Is Cardano governance doomed?
Despite all these problems, most long-time community members don’t believe Cardano’s governance is fundamentally broken forever. It’s early, messy, and in some ways misdesigned—but it’s also flexible enough to evolve.
There are already multiple proposals and discussion threads exploring better models for funding, delegation, and DRep incentives. Community leaders, researchers, and organizations like Intersect are actively debating how to simplify processes, reduce spam, and make participation more sustainable.
Cardano has always aimed to be one of the most robust governance-first blockchains. If it can learn from its current pain points—and from other ecosystems’ mistakes, such as treasury mismanagement in networks like Polkadot, explored in this comparison of Cardano vs Polkadot—it may yet emerge with a governance system that’s both powerful and practical.
Should you become a DRep right now?
In its current form, being an active, public-facing DRep is not for everyone. It’s time-consuming, emotionally taxing, and poorly compensated. If you’re considering it, go in with your eyes open.

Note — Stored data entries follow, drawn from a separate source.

lemma list_partition_list_sorted_by_heads:
  assumes part: "list_partition S \<Phi>"
  shows "\<exists>E. distinct E \<and> set E = \<Phi> \<and> sorted_wrt (\<lambda>c d. hd d < hd c) E"
proof -
  have "finite \<Phi>"
    using part by (simp add: list_partition_def)
  then obtain xs where xs: "set xs = \<Phi>" "distinct xs"
    using finite_distinct_list by blast
  have "inj_on hd \<Phi>"
  proof (rule inj_onI)
    fix c d assume cd: "c \<in> \<Phi>" "d \<in> \<Phi>" "hd c = hd d"
    have "c \<noteq> []" "d \<noteq> []" "c \<noteq> d \<longrightarrow> set c \<inter> set d = {}"
      using part cd(1,2) unfolding list_partition_def by simp_all
    then show "c = d"
      using cd(3) hd_in_set by (metis disjoint_iff)
  qed
  then have "sorted_wrt (<) (map hd (sort_key hd xs))"
    using xs by (simp add: strict_sorted_iff distinct_map)
  then have "sorted_wrt (\<lambda>c d. hd d < hd c) (rev (sort_key hd xs))"
    by (simp add: sorted_wrt_map sorted_wrt_rev)
  then show ?thesis
    using xs by (intro exI[of _ "rev (sort_key hd xs)"]) simp
qed

lemma increasing_sum_eq_R_generator:
  assumes "list_partition {1..n} \<Psi>" "block_sizes \<Psi> = mset \<alpha>"
  shows "\<exists>v\<in>perms n. increasing_sum n \<Psi> = alg_mult n (BI n (SetC \<alpha>)) (perm_elem v)"
proof -
  have "finite \<Psi>"
    using assms(1) by (simp add: list_partition_def)
  then obtain E where E: "distinct E" "set E = \<Psi>" "map length E = \<alpha>"
    using list_partition_list_of_sizes assms(2) by blast
  have part: "list_partition {1..n} (set E)"
    using assms(1) E(2) by simp
  then show ?thesis
    using increasing_sum_eq_alg_mult_B[OF part E(1)]
      inv_word_perm(1)[OF list_partition_concat[OF part E(1)]] E
    by auto
qed

lemma min_first_increasing_sum_eq_S_generator:
  assumes \<alpha>: "\<alpha> \<in> Comps n"
    and \<Psi>: "list_partition {1..n} \<Psi>" "\<forall>c\<in>\<Psi>. hd c = Min (set c)" "merges (block_sizes \<Psi>) (mset \<alpha>)"
  shows "\<exists>w\<in>perms n. part_le (underlying_partition (cLRM' n w)) (underlying_partition \<alpha>) \<and>
    increasing_sum n \<Psi> = alg_mult n (BI n (LRM' n w)) (perm_elem w)"
proof -
  obtain E where E: "distinct E" "set E = \<Psi>" "sorted_wrt (\<lambda>c d. hd d < hd c) E"
    using list_partition_list_sorted_by_heads[OF \<Psi>(1)] by blast
  let ?w = "inv (word_perm n (concat E))" and ?\<beta> = "map length E"
  have part: "list_partition {1..n} (set E)"
    using \<Psi>(1) E(2) by simp
  note L = list_partition_concat[OF part E(1)]
  have "?\<beta> \<in> Comps n"
    using list_partition_lengths_Comps[OF part E(1)] .
  moreover have LRM': "LRM' n ?w = SetC ?\<beta>"
    using LRM'_inv_word_perm_concat[OF part E(1) _ E(3)] \<Psi>(2) E(2) by simp
  ultimately have "cLRM' n ?w = ?\<beta>"
    unfolding cLRM'_def by (simp add: CompI_SetC)
  moreover have "merges (mset ?\<beta>) (mset \<alpha>)"
    using \<Psi>(3) block_sizes_set[OF E(1)] E(2) by simp
  ultimately have "part_le (underlying_partition (cLRM' n ?w)) (underlying_partition \<alpha>)"
    using part_le_underlying_partition_iff[OF \<alpha>] by simp
  moreover have "increasing_sum n \<Psi> = alg_mult n (BI n (LRM' n ?w)) (perm_elem ?w)"
    using increasing_sum_eq_alg_mult_B[OF part E(1)] E(2) LRM' by simp
  ultimately show ?thesis
    using inv_word_perm(1)[OF L] by blast
qed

For most ADA holders today, the more realistic options are:
• Delegating to a smaller, active DRep who clearly explains their approach
• Becoming a low-profile, self-voting DRep and quietly voting on what you understand
• Contributing to Cardano in other ways—building, educating, or supporting projects directly—rather than trying to fix governance from the inside
Cardano governance will likely look very different in a few years. For now, it’s okay to step back, protect your time and energy, and contribute where you can have the most impact without burning out.